Liberty National Bank v. Collins, 388 Ill. 549 (1944)

Nov. 22, 1944 · Illinois Supreme Court · No. 27970
388 Ill. 549

(No. 27970.

Liberty National Bank of Chicago, Trustee, Appellant, vs. Philip W. Collins, Director of Revenue, et al., Appellees.

Opinion filed Nov. 22, 1944

— Rehearing denied Jan. 16, 1945.

*550Michael M. Phillips, of Chicago, for appellant. •

George F. Barrett, Attorney General, (William C. Wines, of Chicago, of counsel,) for appellees.

Mr. Justice Smith

delivered the opinion of the court:

Appellant, Liberty National Bank of Chicago, as trustee, filed a complaint in the superior court of Cook county, against Philip W. Collins, as Director of Revenue, the State Treasurer and the Attorney General. The purpose of the suit was to enjoin the State officers from enforcing the collection of taxes from appellant under an act passed by the General Assembly in 1937 entitled “An Act in relation to a tax upon persons engaged in the business of transmitting telegraph or telephone messages or of distributing, supplying, furnishing or selling gas or electricity, for use or consumption.” Ill. Rev. Stat. 1943, chap. 120, pars. 468 et seq.

It was alleged in the amended and supplemental complaint that appellant, as trustee, was the owner and engaged in the operation of a building located in the city of Chicago; that in the operation of said building, it furnished electricity to all tenants in the premises; that in rendering this service, it purchased electricity from a public utility company which it in turn sold to its tenants under the lease agreements made with such tenants; that it was not a public utility and was not engaged in the business of transmitting or selling electricity to customers or persons outside of its own building; that the sale of electricity to its tenants under the leasing arrangements with them was a necessary incident to the operation and conduct of its main occupation of owning and operating said building and renting space therein to tenants; that it does not hold itself out as a seller of electricity or solicit such business, nor is it *551equipped to handle such business; that in rendering such service it merely performs a necessary incident in the conduct of its management and ownership of the building in the same manner that it furnishes heat, water and elevator service to its tenants.
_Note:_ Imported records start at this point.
(* Fix $t>0$ and $\alpha\ge 0$. For every $\phi\in C([0,t];\mathbb{R})$: (1) $\mathcal{T}(T_\alpha(\phi))(s)=\mathbb{T}_{\log\{e^{2\phi_t}/(1+\alpha A_t(\phi))\}}(\phi)(s)$ for $0\le s\le t$; (2) $T_\alpha(\mathcal{T}(\phi))(s)=\mathbb{T}_{\log\{e^{2\phi_t}+\alpha A_t(\phi)\}}(\phi)(s)$ for $0\le s\le t$.
   Context: For $\phi\in C([0,t];\mathbb{R})$ let $A_s(\phi)=\int_0^s e^{2\phi_u}\,du$. For $z\in\mathbb{R}$, $\mathbb{T}_z(\phi)(s)=\phi_s-\log\{1+\frac{A_s(\phi)}{A_t(\phi)}(e^z-1)\}$, $0\le s\le t$; $\mathcal{T}(\phi)(s)=\mathbb{T}_{2\phi_t}(\phi)(s)$; and $T_\alpha(\phi)(s)=\phi_s-\log\{1+\alpha A_s(\phi)\}$, $0\le s\le t$. *)

theory Defs
  imports "HOL-Analysis.Analysis"
begin

text \<open>Paths phi in C([0,t];R) are modelled as functions real => real, continuous on {0..t};
  only their values on [0,t] matter.\<close>

definition A :: "(real \<Rightarrow> real) \<Rightarrow> real \<Rightarrow> real" where
  "A \<phi> s = integral {0..s} (\<lambda>u. exp (2 * \<phi> u))"

definition TT :: "real \<Rightarrow> real \<Rightarrow> (real \<Rightarrow> real) \<Rightarrow> real \<Rightarrow> real" where
  "TT t z \<phi> s = \<phi> s - ln (1 + A \<phi> s / A \<phi> t * (exp z - 1))"

definition Tcal :: "real \<Rightarrow> (real \<Rightarrow> real) \<Rightarrow> real \<Rightarrow> real" where
  "Tcal t \<phi> = TT t (2 * \<phi> t) \<phi>"

definition Talpha :: "real \<Rightarrow> (real \<Rightarrow> real) \<Rightarrow> real \<Rightarrow> real" where
  "Talpha \<alpha> \<phi> s = \<phi> s - ln (1 + \<alpha> * A \<phi> s)"

end

theory Submission
  imports Defs
begin

text \<open>Both \<open>\<T>\<^sub>z\<close> and \<open>T\<^sub>\<alpha>\<close> belong to the family \<open>T\<^sub>c \<phi> = \<phi> - log (1 + c A(\<phi>))\<close>,
  with \<open>c = (e\<^sup>z - 1) / A\<^sub>t(\<phi>)\<close> for \<open>\<T>\<^sub>z\<close>. Since \<open>A'(\<phi>) = e\<^sup>2\<^sup>\<phi>\<close>, the fundamental
  theorem of calculus gives \<open>A(T\<^sub>c \<phi>) = A(\<phi>) / (1 + c A(\<phi>))\<close>, and hence
  \<open>T\<^sub>d \<circ> T\<^sub>c = T\<^sub>c\<^sub>+\<^sub>d\<close> wherever the logarithms are defined. Both identities then reduce
  to computing the sum of two coefficients.\<close>

lemma continuous_on_exp_double:
  "continuous_on S \<phi> \<Longrightarrow> continuous_on S (\<lambda>u. exp (2 * \<phi> u :: real))"
  by (intro continuous_intros)

lemma exp_double_diff_ln:
  fixes x p :: real
  assumes "p > 0"
  shows "exp (2 * (x - ln p)) = exp (2 * x) / p\<^sup>2"
proof -
  have "exp (2 * (x - ln p)) = exp (2 * x) / exp (ln p) ^ 2"
    by (simp add: exp_diff right_diff_distrib power2_eq_square exp_add[symmetric])
  then show ?thesis using assms by simp
qed

lemma A_nonneg:
  assumes "continuous_on {0..s} \<phi>"
  shows "A \<phi> s \<ge> 0"
  unfolding A_def
  by (intro integral_nonneg integrable_continuous_interval continuous_on_exp_double assms) auto

lemma A_mono:
  assumes "continuous_on {0..t} \<phi>" "s \<le> t"
  shows "A \<phi> s \<le> A \<phi> t"
  unfolding A_def
proof (rule integral_subset_le)
  show "(\<lambda>u. exp (2 * \<phi> u)) integrable_on {0..t}"
    by (intro integrable_continuous_interval continuous_on_exp_double assms)
  then show "(\<lambda>u. exp (2 * \<phi> u)) integrable_on {0..s}"
    by (rule integrable_on_subinterval) (use assms in auto)
qed (use assms in auto)

lemma A_pos:
  assumes "continuous_on {0..t} \<phi>" "t > 0"
  shows "A \<phi> t > 0"
proof -
  have "A \<phi> t \<noteq> 0"
  proof
    assume "A \<phi> t = 0"
    then have "\<forall>u\<in>cbox 0 t. exp (2 * \<phi> u) = 0"
      using integral_cbox_eq_0_iff[of 0 t "\<lambda>u. exp (2 * \<phi> u)"]
        continuous_on_exp_double[OF assms(1)] assms(2)
      by (auto simp: A_def)
    then show False using assms(2) by auto
  qed
  then show ?thesis using A_nonneg[OF assms(1)] by simp
qed

lemma A_has_real_derivative:
  assumes "continuous_on {0..s} \<phi>" "x \<in> {0..s}"
  shows "(A \<phi> has_real_derivative exp (2 * \<phi> x)) (at x within {0..s})"
  using integral_has_vector_derivative[OF continuous_on_exp_double[OF assms(1)] assms(2)]
  unfolding A_def has_real_derivative_iff_has_vector_derivative .

lemma A_Talpha:
  assumes "0 \<le> s" and cont: "continuous_on {0..s} \<phi>"
    and pos: "\<forall>u\<in>{0..s}. 1 + c * A \<phi> u > 0"
  shows "A (Talpha c \<phi>) s = A \<phi> s / (1 + c * A \<phi> s)"
proof -
  define F where "F x = A \<phi> x / (1 + c * A \<phi> x)" for x
  have "(F has_real_derivative exp (2 * Talpha c \<phi> x)) (at x within {0..s})"
    if x: "x \<in> {0..s}" for x
  proof -
    have p: "1 + c * A \<phi> x > 0" using pos x by blast
    have dA: "(A \<phi> has_real_derivative exp (2 * \<phi> x)) (at x within {0..s})"
      using cont x by (rule A_has_real_derivative)
    have "((\<lambda>y. 1 + c * A \<phi> y) has_real_derivative 0 + c * exp (2 * \<phi> x)) (at x within {0..s})"
      by (intro DERIV_add DERIV_cmult DERIV_const dA)
    from DERIV_divide[OF dA this] p
    have "(F has_real_derivative
            (exp (2 * \<phi> x) * (1 + c * A \<phi> x) - A \<phi> x * (c * exp (2 * \<phi> x)))
            / (1 + c * A \<phi> x)\<^sup>2) (at x within {0..s})"
      unfolding F_def power2_eq_square by simp
    moreover have "exp (2 * Talpha c \<phi> x) = exp (2 * \<phi> x) / (1 + c * A \<phi> x)\<^sup>2"
      unfolding Talpha_def using p by (rule exp_double_diff_ln)
    ultimately show ?thesis by (simp add: algebra_simps)
  qed
  then have "((\<lambda>u. exp (2 * Talpha c \<phi> u)) has_integral F s - F 0) {0..s}"
    using \<open>0 \<le> s\<close>
    by (intro fundamental_theorem_of_calculus) (auto simp: has_real_derivative_iff_has_vector_derivative)
  moreover have "F 0 = 0" by (simp add: F_def A_def)
  ultimately show ?thesis
    unfolding F_def by (subst A_def) (simp add: integral_unique)
qed

lemma Talpha_Talpha:
  assumes "0 \<le> s" "continuous_on {0..s} \<phi>"
    and pos: "\<forall>u\<in>{0..s}. 1 + \<alpha> * A \<phi> u > 0" and pos_sum: "1 + (\<alpha> + \<beta>) * A \<phi> s > 0"
  shows "Talpha \<beta> (Talpha \<alpha> \<phi>) s = Talpha (\<alpha> + \<beta>) \<phi> s"
proof -
  define a where "a = A \<phi> s"
  have p: "1 + \<alpha> * a > 0" using pos \<open>0 \<le> s\<close> by (simp add: a_def)
  have q: "1 + (\<alpha> + \<beta>) * a > 0" using pos_sum by (simp add: a_def)
  have split: "1 + \<beta> * (a / (1 + \<alpha> * a)) = (1 + (\<alpha> + \<beta>) * a) / (1 + \<alpha> * a)"
    using p by (simp add: field_simps)
  have "Talpha \<beta> (Talpha \<alpha> \<phi>) s = \<phi> s - ln (1 + \<alpha> * a) - ln (1 + \<beta> * (a / (1 + \<alpha> * a)))"
    using A_Talpha[OF assms(1-3)] by (simp add: Talpha_def a_def)
  also have "\<dots> = \<phi> s - ln (1 + (\<alpha> + \<beta>) * a)"
    using p q by (simp only: split ln_div) simp
  finally show ?thesis by (simp add: Talpha_def a_def)
qed

lemma TT_eq_Talpha: "TT t z \<phi> = Talpha ((exp z - 1) / A \<phi> t) \<phi>"
  by (rule ext) (simp add: TT_def Talpha_def mult.commute)

lemma one_plus_TT_coeff_pos:
  assumes "continuous_on {0..t} \<phi>" "t > 0" "u \<in> {0..t}"
  shows "1 + (exp z - 1) / A \<phi> t * A \<phi> u > 0"
proof -
  define x where "x = A \<phi> u / A \<phi> t"
  have "A \<phi> t > 0" using A_pos[OF assms(1,2)] .
  moreover have "0 \<le> A \<phi> u" "A \<phi> u \<le> A \<phi> t"
    using assms by (auto intro!: A_nonneg A_mono elim!: continuous_on_subset)
  ultimately have "0 \<le> x" "x \<le> 1" by (auto simp: x_def)
  then have "0 < (1 - x) + x * exp z"
    by (cases "x = 1") (auto intro: add_pos_nonneg add_nonneg_pos)
  also have "\<dots> = 1 + (exp z - 1) / A \<phi> t * A \<phi> u"
    by (simp add: x_def algebra_simps diff_divide_distrib)
  finally show ?thesis .
qed

lemma Tcal_Talpha:
  assumes "t > 0" "\<alpha> \<ge> 0" and cont: "continuous_on {0..t} \<phi>" and s: "s \<in> {0..t}"
  shows "Tcal t (Talpha \<alpha> \<phi>) s = TT t (ln (exp (2 * \<phi> t) / (1 + \<alpha> * A \<phi> t))) \<phi> s"
proof -
  define b where "b = A \<phi> t"
  define q where "q = 1 + \<alpha> * b"
  define z where "z = ln (exp (2 * \<phi> t) / q)"
  define c where "c = (exp (2 * Talpha \<alpha> \<phi> t) - 1) / A (Talpha \<alpha> \<phi>) t"
  have b: "b > 0" using A_pos[OF cont \<open>t > 0\<close>] by (simp add: b_def)
  have pos: "\<forall>u\<in>{0..t}. 1 + \<alpha> * A \<phi> u > 0"
    using \<open>\<alpha> \<ge> 0\<close> by (auto intro!: add_pos_nonneg mult_nonneg_nonneg A_nonneg
        continuous_on_subset[OF cont])
  then have q: "q > 0" using \<open>t > 0\<close> by (simp add: q_def b_def)
  have At: "A (Talpha \<alpha> \<phi>) t = b / q"
    using A_Talpha[of t \<phi> \<alpha>] \<open>t > 0\<close> cont pos by (simp add: b_def q_def)
  have Et: "exp (2 * Talpha \<alpha> \<phi> t) = exp (2 * \<phi> t) / q\<^sup>2"
    using q unfolding Talpha_def q_def b_def by (rule exp_double_diff_ln)
  have "\<alpha> + c = (exp (2 * \<phi> t) / q - q + \<alpha> * b) / b"
    unfolding c_def At Et using b q by (simp add: field_simps power2_eq_square)
  also have "\<dots> = (exp z - 1) / b"
    using q by (simp add: z_def q_def)
  finally have coeff: "\<alpha> + c = (exp z - 1) / b" .
  have "Tcal t (Talpha \<alpha> \<phi>) s = Talpha c (Talpha \<alpha> \<phi>) s"
    by (simp add: Tcal_def TT_eq_Talpha c_def)
  also have "\<dots> = Talpha (\<alpha> + c) \<phi> s"
  proof (rule Talpha_Talpha)
    show "1 + (\<alpha> + c) * A \<phi> s > 0"
      using one_plus_TT_coeff_pos[OF cont \<open>t > 0\<close> s] by (simp add: coeff b_def)
  qed (use s pos in \<open>auto intro: continuous_on_subset[OF cont]\<close>)
  also have "\<dots> = TT t z \<phi> s"
    by (simp add: coeff TT_eq_Talpha b_def)
  finally show ?thesis by (simp add: z_def q_def b_def)
qed

lemma Talpha_Tcal:
  assumes "t > 0" "\<alpha> \<ge> 0" and cont: "continuous_on {0..t} \<phi>" and s: "s \<in> {0..t}"
  shows "Talpha \<alpha> (Tcal t \<phi>) s = TT t (ln (exp (2 * \<phi> t) + \<alpha> * A \<phi> t)) \<phi> s"
proof -
  define b where "b = A \<phi> t"
  define z where "z = ln (exp (2 * \<phi> t) + \<alpha> * b)"
  define c where "c = (exp (2 * \<phi> t) - 1) / b"
  have b: "b > 0" using A_pos[OF cont \<open>t > 0\<close>] by (simp add: b_def)
  have "exp (2 * \<phi> t) + \<alpha> * b > 0"
    using b \<open>\<alpha> \<ge> 0\<close> by (simp add: add_pos_nonneg)
  then have coeff: "c + \<alpha> = (exp z - 1) / b"
    using b by (simp add: c_def z_def field_simps)
  have "Talpha \<alpha> (Tcal t \<phi>) s = Talpha \<alpha> (Talpha c \<phi>) s"
    by (simp add: Tcal_def TT_eq_Talpha c_def b_def)
  also have "\<dots> = Talpha (c + \<alpha>) \<phi> s"
  proof (rule Talpha_Talpha)
    show "\<forall>u\<in>{0..s}. 1 + c * A \<phi> u > 0"
      using s one_plus_TT_coeff_pos[OF cont \<open>t > 0\<close>] by (simp add: c_def b_def)
    show "1 + (c + \<alpha>) * A \<phi> s > 0"
      using one_plus_TT_coeff_pos[OF cont \<open>t > 0\<close> s] by (simp add: coeff b_def)
  qed (use s in \<open>auto intro: continuous_on_subset[OF cont]\<close>)
  also have "\<dots> = TT t z \<phi> s"
    by (simp add: coeff TT_eq_Talpha b_def)
  finally show ?thesis by (simp add: z_def b_def)
qed

theorem lemma4p1:
  fixes t \<alpha> :: real and \<phi> :: "real \<Rightarrow> real"
  assumes "t > 0" and "\<alpha> \<ge> 0" and "continuous_on {0..t} \<phi>"
  shows "(\<forall>s\<in>{0..t}. Tcal t (Talpha \<alpha> \<phi>) s
            = TT t (ln (exp (2 * \<phi> t) / (1 + \<alpha> * A \<phi> t))) \<phi> s)
       \<and> (\<forall>s\<in>{0..t}. Talpha \<alpha> (Tcal t \<phi>) s
            = TT t (ln (exp (2 * \<phi> t) + \<alpha> * A \<phi> t)) \<phi> s)"
  using Tcal_Talpha[OF assms] Talpha_Tcal[OF assms] by blast

end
The complaint alleged that the Director, acting under the statute, had promulgated certain rules, article 14 of which was as follows:

“Persons owning, operating or leasing buildings, who purchase gas or electrical services and rebill the same as such to tenants, make the final sale or distribution of such services, and become liable for tax measured by their gross receipts from the distributing, supplying, furnishing or selling of the services in question. Such persons are required, under the terms of the act, to file returns and pay tax in the same manner as any other taxpayer.
“Such persons shall show receipts from such services separately upon their books and records.
“In order to enable persons selling gas or electricity to owners, operators or lessees of buildings to report accurately to the Department the amount of gas or electrical services sold for resale and the amount sold for use or consumption, such owners, operators or lessees of buildings should, at the end of each of their billing periods, report to the supplier the amount of gas or electricity (kilowatt hours, cubic feet or therms as the case may be) consumed by the owner or building operator and not resold by him as such to tenants. The owners, operators or lessees of buildings need not report to the Department the amount so reported to the supplier.
“The sale of such services to persons owning, operating or leasing buildings constitutes the sale of services for the purpose of resale, if such persons bill the same as such to tenants and the gross receipts from this particular type of sale may be deducted from receipts by which the seller measures his tax under the act,
*552“Sales by taxpayers to hotels and like businesses for use or consumption are sales within the act.”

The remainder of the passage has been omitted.